One way to fix this issue is to upgrade to 4.5.1. A workaround is to reduce the “XDCR batch size” setting to make the replication batch size smaller. From the log file the average document size is ~500 bytes. So if we reduce “XDCR batch size” from the default 2048(kb) to 50(kb), each batch would hold no more than 100 documents, as compared to 500 documents by default. If needed the batch size can be reduced further to as small as 10(kb).
1 Like
It seems that there is no community edition of 4.5.1. Upgrade to 4.6 would be required.
@courtney
Nothing particular to do with your XDCR issue, but I suggest you review your Couchbase configuration. Check the recommendations outlined here for THP, swap space and swappiness: http://developer.couchbase.com/documentation/server/4.5/install/install-linux.html
There is evidence that the OOM killer was active on at least one of your nodes. That may be related to those settings. Couchbase Support would have more insight than I do, but the OOM killer activity might be what caused your original node failures. You might want to look into your logs further. Whatever the root cause of the node failures, the configuration recommendations above are a good idea.
-Will
Missed that THP option, but had all the swap config. Not sure how we missed that!

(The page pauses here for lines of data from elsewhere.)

(* Let $(V,\vec v)$ be a valid epistemic state on $\Omega$, let $V_A$ be a measurement on subsystem $A$ with outcome $\vec v_{A=1}$ and $V_B$ a measurement on subsystem $B$ with outcome $\vec v_{B=1}$, and let $V_{\text{commute},A}=\{\vec f\in V:[\vec f,\vec g]=0\ \forall\vec g\in V_A\}$. The inference "$A=1\implies B=1$" can be made if and only if (1) $V_B\subset V_{\text{commute},A}\oplus V_A$, and (2) $(V_{\text{commute},A}^\perp+\vec v)\cap(V_A^\perp+\vec v_{A=1})\cap(V_B^\perp+\vec v_{B=1})\neq\emptyset$.
   Context: Toy theory (quadrature formalism): $\Omega=\mathbb{Z}_d^{2n}$ or $\mathbb{R}^{2n}$, coordinates $(q_1,p_1,\dots)$; observables $\vec f\in\Omega$ with value $\vec f^T\vec m$; Poisson bracket $[\vec f,\vec g]=\sum_i(f_{2i-1}g_{2i}-f_{2i}g_{2i-1})$; $V^\perp=\{\vec m:\vec f^T\vec m=0\ \forall\vec f\in V\}$. Valid epistemic state $(V,\vec v)$: $V$ isotropic, compatible ontic states $V^\perp+\vec v$ uniformly distributed. A measurement is an isotropic $V_\pi$, outcome $\vec v_\pi$ occurs iff the ontic state lies in $V_\pi^\perp+\vec v_\pi$; an outcome occurs with certainty if it has probability 1. Measurements "on subsystem $A$/$B$" have all vectors supported on the coordinates of that subsystem. Update rule: after obtaining $\vec v_{A=1}$ in $V_A$, the state becomes $(V_{\text{commute},A}\oplus V_A,\vec v')$ with $\vec v'\in(V_A^\perp+\vec v_{A=1})\cap(V_{\text{commute},A}^\perp+\vec v)$. The inference "$A=1\implies B=1$" can be made if this updated state is defined (the intersection is nonempty) and in it the outcome $\vec v_{B=1}$ of $V_B$ occurs with certainty. *)

theory Defs
  imports Main
begin

text \<open>Phase space of the toy theory: modes indexed by a finite type 'm, each with
a position-like (Q) and momentum-like (P) quadrature; coordinates in a field 'a
(Z_d with d prime, or the reals).\<close>

datatype quad = Q | P

type_synonym ('a, 'm) phase = "'m \<times> quad \<Rightarrow> 'a"

definition pzero :: "('a::field, 'm) phase" where
  "pzero = (\<lambda>x. 0)"

definition padd :: "('a::field, 'm) phase \<Rightarrow> ('a, 'm) phase \<Rightarrow> ('a, 'm) phase" where
  "padd f g = (\<lambda>x. f x + g x)"

definition psmult :: "'a::field \<Rightarrow> ('a, 'm) phase \<Rightarrow> ('a, 'm) phase" where
  "psmult c f = (\<lambda>x. c * f x)"

text \<open>Value of observable f at ontic state m: f^T m.\<close>
definition val :: "('a::field, 'm::finite) phase \<Rightarrow> ('a, 'm) phase \<Rightarrow> 'a" where
  "val f m = (\<Sum>i\<in>UNIV. f (i, Q) * m (i, Q) + f (i, P) * m (i, P))"

definition pbracket :: "('a::field, 'm::finite) phase \<Rightarrow> ('a, 'm) phase \<Rightarrow> 'a" where
  "pbracket f g = (\<Sum>i\<in>UNIV. f (i, Q) * g (i, P) - f (i, P) * g (i, Q))"

definition is_subspace :: "('a::field, 'm) phase set \<Rightarrow> bool" where
  "is_subspace V \<longleftrightarrow> pzero \<in> V \<and> (\<forall>f\<in>V. \<forall>g\<in>V. padd f g \<in> V)
     \<and> (\<forall>c f. f \<in> V \<longrightarrow> psmult c f \<in> V)"

definition isotropic :: "('a::field, 'm::finite) phase set \<Rightarrow> bool" where
  "isotropic V \<longleftrightarrow> is_subspace V \<and> (\<forall>f\<in>V. \<forall>g\<in>V. pbracket f g = 0)"

definition perp :: "('a::field, 'm::finite) phase set \<Rightarrow> ('a, 'm) phase set" where
  "perp V = {m. \<forall>f\<in>V. val f m = 0}"

definition coset :: "('a::field, 'm) phase set \<Rightarrow> ('a, 'm) phase \<Rightarrow> ('a, 'm) phase set" where
  "coset W v = (\<lambda>w. padd w v) ` W"

definition sumsp :: "('a::field, 'm) phase set \<Rightarrow> ('a, 'm) phase set \<Rightarrow> ('a, 'm) phase set" where
  "sumsp U W = {padd f g | f g. f \<in> U \<and> g \<in> W}"

definition valid_state :: "('a::field, 'm::finite) phase set \<Rightarrow> ('a, 'm) phase \<Rightarrow> bool" where
  "valid_state V v \<longleftrightarrow> isotropic V"

definition supported_on :: "'m set \<Rightarrow> ('a::field, 'm) phase \<Rightarrow> bool" where
  "supported_on S f \<longleftrightarrow> (\<forall>i. i \<notin> S \<longrightarrow> f (i, Q) = 0 \<and> f (i, P) = 0)"

definition measurement_on :: "'m set \<Rightarrow> ('a::field, 'm::finite) phase set \<Rightarrow> bool" where
  "measurement_on S V\<^sub>\<pi> \<longleftrightarrow> isotropic V\<^sub>\<pi> \<and> (\<forall>f\<in>V\<^sub>\<pi>. supported_on S f)"

text \<open>Outcome v_pi of measurement V_pi occurs with probability 1 in state (V,v):
the uniform distribution on V^perp + v is concentrated on V_pi^perp + v_pi, i.e.
the former is contained in the latter.\<close>
definition occurs_certainly ::
  "('a::field, 'm::finite) phase set \<Rightarrow> ('a, 'm) phase \<Rightarrow> ('a, 'm) phase set \<Rightarrow> ('a, 'm) phase \<Rightarrow> bool" where
  "occurs_certainly V v V\<^sub>\<pi> v\<^sub>\<pi> \<longleftrightarrow> coset (perp V) v \<subseteq> coset (perp V\<^sub>\<pi>) v\<^sub>\<pi>"

definition commute_part :: "('a::field, 'm::finite) phase set \<Rightarrow> ('a, 'm) phase set \<Rightarrow> ('a, 'm) phase set" where
  "commute_part V VA = {f \<in> V. \<forall>g\<in>VA. pbracket f g = 0}"

text \<open>The inference A=1 ==> B=1: the updated state (V_commute,A \<oplus> V_A, v') is defined
(the admissible set for v' is nonempty) and, for it, outcome vB of VB occurs with
certainty (for any admissible choice of v').\<close>
definition can_infer ::
  "('a::field, 'm::finite) phase set \<Rightarrow> ('a, 'm) phase \<Rightarrow> ('a, 'm) phase set \<Rightarrow> ('a, 'm) phase
   \<Rightarrow> ('a, 'm) phase set \<Rightarrow> ('a, 'm) phase \<Rightarrow> bool" where
  "can_infer V v VA vA VB vB \<longleftrightarrow>
     (let W = commute_part V VA;
          S = coset (perp VA) vA \<inter> coset (perp W) v
      in S \<noteq> {} \<and> (\<forall>v'\<in>S. occurs_certainly (sumsp W VA) v' VB vB))"

end

theory Submission
  imports Defs "HOL-Library.Function_Algebras" HOL.Vector_Spaces
begin

text \<open>Put \<open>U = V\<^sub>c\<^sub>o\<^sub>m\<^sub>m\<^sub>u\<^sub>t\<^sub>e \<oplus> V\<^sub>A\<close>. Every admissible updated state has ontic support
a coset \<open>perp U + v'\<close>, and such a coset lies in \<open>perp V\<^sub>B + v\<^sub>B\<close> iff
\<open>perp U \<subseteq> perp V\<^sub>B\<close> and \<open>v' \<in> perp V\<^sub>B + v\<^sub>B\<close>. In the finite-dimensional phase space
\<open>perp (perp U) = U\<close>, so the first condition is \<open>V\<^sub>B \<subseteq> U\<close>. Once \<open>V\<^sub>B \<subseteq> U\<close>, all
admissible \<open>v'\<close> take the same values on \<open>V\<^sub>B\<close>, so they all lie in \<open>perp V\<^sub>B + v\<^sub>B\<close> as
soon as one of them does.\<close>

lemma UNIV_quad: "UNIV = {Q, P}"
  using quad.exhaust by auto

instance quad :: finite
  by standard (simp add: UNIV_quad)

lemma padd_eq_plus: "padd f g = f + g"
  by (simp add: padd_def plus_fun_def)

lemma pzero_eq_zero: "pzero = 0"
  by (simp add: pzero_def zero_fun_def)

global_interpretation phase: vector_space "psmult :: 'a::field \<Rightarrow> ('a, 'm) phase \<Rightarrow> ('a, 'm) phase"
  by unfold_locales (auto simp: psmult_def algebra_simps)

lemma is_subspace_iff_subspace: "is_subspace U \<longleftrightarrow> phase.subspace U"
  unfolding is_subspace_def phase.subspace_def pzero_eq_zero padd_eq_plus by blast

lemma val_eq_sum: "val f m = (\<Sum>k\<in>UNIV. f k * m k)"
proof -
  have "val f m = (\<Sum>i\<in>UNIV. \<Sum>q\<in>UNIV. f (i, q) * m (i, q))"
    by (simp add: val_def UNIV_quad)
  also have "\<dots> = (\<Sum>k\<in>UNIV. f k * m k)"
    unfolding sum.cartesian_product UNIV_Times_UNIV by (simp add: case_prod_beta')
  finally show ?thesis .
qed

lemma val_sym: "val f m = val m f"
  by (simp add: val_def mult.commute)

lemma val_add_left: "val (f + g) m = val f m + val g m"
  by (simp add: val_eq_sum sum.distrib distrib_right)

lemma val_add_right: "val f (m + n) = val f m + val f n"
  by (simp add: val_eq_sum sum.distrib distrib_left)

lemma val_diff_right: "val f (m - n) = val f m - val f n"
  by (simp add: val_eq_sum sum_subtractf right_diff_distrib)

definition unit_phase :: "'m \<times> quad \<Rightarrow> ('a::field, 'm) phase" where
  "unit_phase k = (\<lambda>j. if j = k then 1 else 0)"

lemma phase_expansion: "f = (\<Sum>k\<in>UNIV. psmult (f k) (unit_phase k))"
  for f :: "('a::field, 'm::finite) phase"
proof
  fix j
  have "(\<Sum>k\<in>UNIV. psmult (f k) (unit_phase k)) j = (\<Sum>k\<in>UNIV. f k * unit_phase k j)"
    using sum_comp_morphism[of "\<lambda>h. h j" "\<lambda>k. psmult (f k) (unit_phase k)" UNIV]
    by (simp add: psmult_def comp_def)
  also have "\<dots> = f j"
    by (simp add: unit_phase_def if_distrib[of "(*) _"] eq_commute[of j] cong: if_cong)
  finally show "f j = (\<Sum>k\<in>UNIV. psmult (f k) (unit_phase k)) j"
    by simp
qed

lemma linear_functional_eq_val:
  fixes g :: "('a::field, 'm::finite) phase \<Rightarrow> 'a"
  assumes "Vector_Spaces.linear psmult (*) g"
  shows "g f = val f (\<lambda>k. g (unit_phase k))"
proof -
  interpret linear psmult "(*)" g by fact
  have "g f = g (\<Sum>k\<in>UNIV. psmult (f k) (unit_phase k))"
    using phase_expansion[of f] by simp
  also have "\<dots> = (\<Sum>k\<in>UNIV. f k * g (unit_phase k))"
    by (simp add: sum scale)
  finally show ?thesis
    by (simp add: val_eq_sum)
qed

lemma (in vector_space) separating_functional:
  assumes "subspace U" and "x \<notin> U"
  obtains g :: "'b \<Rightarrow> 'a" where "Vector_Spaces.linear scale (*) g" "\<forall>u\<in>U. g u = 0" "g x = 1"
proof -
  interpret pair: vector_space_pair scale "(*) :: 'a \<Rightarrow> 'a \<Rightarrow> 'a"
    by unfold_locales (auto simp: algebra_simps)
  obtain B where B: "B \<subseteq> U" "independent B" "U \<subseteq> span B"
    using maximal_independent_subset by blast
  have span_B: "span B = U"
    using B assms(1) span_minimal by blast
  have "independent (insert x B)"
    using B span_B assms(2) independent_insertI by blast
  then obtain g where g: "Vector_Spaces.linear scale (*) g"
    and g_basis: "\<forall>y\<in>insert x B. g y = (if y = x then 1 else 0)"
    using pair.linear_independent_extend[of "insert x B" "\<lambda>y. if y = x then 1 else 0"] by blast
  have "\<forall>y\<in>B. g y = 0"
    using g_basis B(1) assms(2) by auto
  then have "\<forall>u\<in>U. g u = 0"
    using pair.linear_eq_0_on_span[OF g] span_B by blast
  moreover have "g x = 1"
    using g_basis by simp
  ultimately show ?thesis
    using that g by blast
qed

lemma subset_perp_perp: "U \<subseteq> perp (perp U)"
  unfolding perp_def by (auto simp: val_sym)

lemma perp_perp_subset:
  assumes "is_subspace U"
  shows "perp (perp U) \<subseteq> U"
proof
  fix x assume x: "x \<in> perp (perp U)"
  show "x \<in> U"
  proof (rule ccontr)
    assume "x \<notin> U"
    then obtain g where g: "Vector_Spaces.linear psmult (*) g" "\<forall>u\<in>U. g u = 0" "g x = 1"
      using phase.separating_functional[of U x] assms unfolding is_subspace_iff_subspace by blast
    define m where "m = (\<lambda>k. g (unit_phase k))"
    have g_val: "g f = val f m" for f
      unfolding m_def by (rule linear_functional_eq_val[OF g(1)])
    have "m \<in> perp U"
      unfolding perp_def using g(2) g_val by simp
    then have "val m x = 0"
      using x unfolding perp_def by blast
    moreover have "val m x = 1"
      using g(3) g_val[of x] val_sym[of x m] by simp
    ultimately show False
      by simp
  qed
qed

lemma perp_antimono: "U \<subseteq> U' \<Longrightarrow> perp U' \<subseteq> perp U"
  unfolding perp_def by auto

lemma perp_subset_perp_iff:
  assumes "is_subspace U"
  shows "perp U \<subseteq> perp U' \<longleftrightarrow> U' \<subseteq> U"
  using perp_antimono[of U' U] perp_antimono[of "perp U" "perp U'"]
    subset_perp_perp[of U'] perp_perp_subset[OF assms] by blast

Anyway, less than 50% of the memory on each node is allocated to Couchbase and it still seemed to be eating up memory. XDCR seemed to eat up more memory than expected so we’ve been cutting back the memory allocated to Couchbase incrementally. I was kind of thinking that the out of control XDCR memory usage had to do with whatever replication issue was happening which ultimately lead to a node using too much memory. goxdcr was eating up something like 12 gig of memory on each node at one point.
In any case, the workaround above on the issue seems to at least cut down on the ES load. It’s still never fully syncing and definitely still isn’t quite working but it’s more tolerable (set the batch size to 50kb).
I don’t think using the developer preview 4.6 to fix this would be wise. Last time when we tried the 4.5 developer preview it performed quite poorly.